One key factor that determines the success of this sensor design is the stability of the T–Hg(II)–T complexes in the absence of Hg(II). These complexes were found to be very stable in the PBS buffer. Despite the slight shift in the MB peak potential to a more negative value, the peak current remained constant.18 The shift in the peak potential is presumably due to the absence of Hg(II) in the solution. However, the exact reason behind this is not clear and is currently under investigation in the lab. Once the sensor had equilibrated (i.e., no change in peak current), 1 μM GSH was added to the solution. The MB peak current increased substantially, reaching a magnitude comparable to that recorded prior to the addition of Hg(II). The signal enhancement (SE) was calculated to be ∼667%. This large signal increase was accompanied by a shift in the peak potential to a more negative value, further confirming the release of Hg(II) and reprotonation of T(s).19 The binding kinetics was fast; signal saturation was achieved in <20 min.

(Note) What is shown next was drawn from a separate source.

(* (Cut elimination and subformula property.) Every sequent derivable in D.BL (resp. D.CBL) has a derivation in D.BL (resp. D.CBL) that does not use the Cut rule, and D.BL and D.CBL have the subformula property: every formula occurring in a cut-free derivation is a subformula of a formula occurring in its end-sequent.
   Context: Calculus D.BL. Two types $1,2$; type-$i$ atoms $p_i,q_i,\dots$. Type-1 formulas: $A_1::=p_1\mid 1_1\mid 0_1\mid \mathrm{p}A_2\mid A_1\sqcap_1A_1\mid A_1\sqcup_1A_1$; type-2 formulas: $A_2::=p_2\mid 1_2\mid 0_2\mid \mathrm{n}A_1\mid A_2\sqcap_2A_2\mid A_2\sqcup_2A_2$ (subformulas are taken across types, e.g. $A_2$ is a subformula of $\mathrm{p}A_2$). Type-1 structures: $X_1::=A_1\mid \hat1_1\mid\check0_1\mid \mathrm{P}X_2\mid X_1\hat\sqcap_1X_1\mid X_1\check\sqcup_1X_1\mid X_1\check\sqsupset_1X_1\mid X_1\hat\sqsubset_1X_1$; type-2 structures analogously with index 2 and $\mathrm{N}X_1$ instead of $\mathrm{P}X_2$. Sequents $X_i\vdash Y_i$ have both sides of the same type. Rules (for $i\in\{1,2\}$; "$\Leftrightarrow$" = both directions): Display: $X\hat\sqcap_iY\vdash Z\Leftrightarrow X\vdash Y\check\sqsupset_iZ$; $X\vdash Y\check\sqcup_iZ\Leftrightarrow X\hat\sqsubset_iY\vdash Z$; $\mathrm{P}X_2\vdash Y_1\Leftrightarrow X_2\vdash \mathrm{N}Y_1$; $\mathrm{N}X_1\vdash Y_2\Leftrightarrow X_1\vdash\mathrm{P}Y_2$. Identity $p_i\vdash p_i$; Cut: from $X\vdash A$ and $A\vdash Y$ infer $X\vdash Y$. Structural: from $X\hat\sqcap_i\hat1_i\vdash Y$ infer $X\vdash Y$; from $X\vdash Y\check\sqcup_i\check0_i$ infer $X\vdash Y$; exchange (from $X\hat\sqcap_iY\vdash Z$ infer $Y\hat\sqcap_iX\vdash Z$; from $X\vdash Y\check\sqcup_iZ$ infer $X\vdash Z\check\sqcup_iY$); associativity (from $(X\hat\sqcap_iY)\hat\sqcap_iZ\vdash W$ infer $X\hat\sqcap_i(Y\hat\sqcap_iZ)\vdash W$; from $X\vdash(Y\check\sqcup_iZ)\check\sqcup_iW$ infer $X\vdash Y\check\sqcup_i(Z\check\sqcup_iW)$); weakening (from $X\vdash Z$ infer $X\hat\sqcap_iY\vdash Z$; from $X\vdash Y$ infer $X\vdash Y\check\sqcup_iZ$); contraction (from $X\hat\sqcap_iX\vdash Z$ infer $X\vdash Z$; from $X\vdash Y\check\sqcup_iY$ infer $X\vdash Y$). Operational: from $\hat1_i\vdash X$ infer $1_i\vdash X$; axiom $\hat1_i\vdash1_i$; axiom $0_i\vdash\check0_i$; from $X\vdash\check0_i$ infer $X\vdash0_i$; from $A\hat\sqcap_iB\vdash X$ infer $A\sqcap_iB\vdash X$; from $X\vdash A$ and $Y\vdash B$ infer $X\hat\sqcap_iY\vdash A\sqcap_iB$; from $A\vdash X$ and $B\vdash Y$ infer $A\sqcup_iB\vdash X\check\sqcup_iY$; from $X\vdash A\check\sqcup_iB$ infer $X\vdash A\sqcup_iB$. Multi-type structural: $X_1\vdash Y_1\Leftrightarrow\mathrm{N}X_1\vdash\mathrm{N}Y_1$; $X_2\vdash Y_2\Leftrightarrow\mathrm{P}X_2\vdash\mathrm{P}Y_2$; from $\check0_1\vdash X_1$ infer $\mathrm{P}\check0_2\vdash X_1$; from $X_1\vdash\hat1_1$ infer $X_1\vdash\mathrm{P}\hat1_2$. Multi-type operational: from $\mathrm{N}A_1\vdash X_2$ infer $\mathrm{n}A_1\vdash X_2$; from $X_2\vdash\mathrm{N}A_1$ infer $X_2\vdash\mathrm{n}A_1$; from $\mathrm{P}A_2\vdash X_1$ infer $\mathrm{p}A_2\vdash X_1$; from $X_1\vdash\mathrm{P}A_2$ infer $X_1\vdash\mathrm{p}A_2$. D.CBL adds formulas ${\sim}_iA_i$, structures $\ast_iX_i$, and rules: $\ast_iX\vdash Y\Leftrightarrow\ast_iY\vdash X$; $X\vdash\ast_iY\Leftrightarrow Y\vdash\ast_iX$; $X\vdash Y\Leftrightarrow\ast_iY\vdash\ast_iX$; from $\mathrm{N}\ast_1X_1\vdash Y_2$ infer $\ast_2\mathrm{N}X_1\vdash Y_2$; from $X_2\vdash\mathrm{N}\ast_1Y_1$ infer $X_2\vdash\ast_2\mathrm{N}Y_1$; from $\ast_iA\vdash Y$ infer ${\sim}_iA\vdash Y$; from $X\vdash\ast_iA$ infer $X\vdash{\sim}_iA$. A formula is regarded as a structure; derivations are finite trees of rule applications with axioms at the leaves. *)

theory Defs
  imports Main
begin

Similar to other sensors of this class, the MB peak current is highly dependent on the applied AC frequency.20,21 For a reversible electrochemical reaction, the peak current increases with increasing frequency until it reaches a threshold frequency, which is often a characteristic of a specific sensor design. At frequencies beyond this threshold frequency, the current decreases; the redox reaction is unable to keep up with the oscillating potential.20,21 While detectable, the change in MB current with frequency was less drastic in the absence of GSH, especially when compared to that observed in the presence of GSH (Fig. S3A, ESI). The AC frequency-dependent current profile obtained in the presence of GSH is consistent with the profile of the linear probe electrochemical DNA sensor in the unhybridized state.14c,d,21 This further supports our assumption that the removal of Hg(II) from the DNA probes leads to an increase in probe flexibility. Since the %SE is calculated from the currents before and after target binding, it is equally dependent on the applied AC frequency. As shown in Fig. S3B (ESI), the %SE increased with increasing frequency between 1 and 5 Hz. A decrease in %SE was seen at frequencies beyond 5 Hz. Thus, 5 Hz was the ideal frequency for sensor interrogation and was used for the rest of the study.

Although cyclic voltammetry (CV) is most frequently used in sensor characterization, it is equally useful as a sensor interrogation technique. In the absence of Hg(II), a pair of redox peaks was observed at a potential consistent with the redox behavior of MB (Fig. 1B). Formation of the T–Hg(II)–T complexes led to a substantial reduction in both cathodic and anodic peak currents. Transferring of the sensor to an aliquot of Hg(II)-free PBS did not result in a large change in the peak currents. Similar to that shown in AC voltammetry, the MB peaks increased in size in the presence of GSH. The %SE, however, was much higher in CV (∼1656%), presumably because of the small peak size recorded in the absence of GSH. In CV, one main variable that dictates sensor response is the voltammetric scan rate. In the absence of GSH, the MB current increased gradually with the increasing scan rate. However, in the presence of GSH, the MB current increased drastically with the increasing scan rate until the threshold scan rate (50 V s−1); a decrease in the current was evident at scan rates beyond this value (Fig. S4A, ESI). Consequently, the %SE was found to be dependent on the scan rate as well. The %SE increased with an increasing scan rate between 0.01 and 5 V s−1, followed by a decrease at higher scan rates (Fig. S4B, ESI). For this sensor, 5 V s−1 was the optimal scan rate for target interrogation.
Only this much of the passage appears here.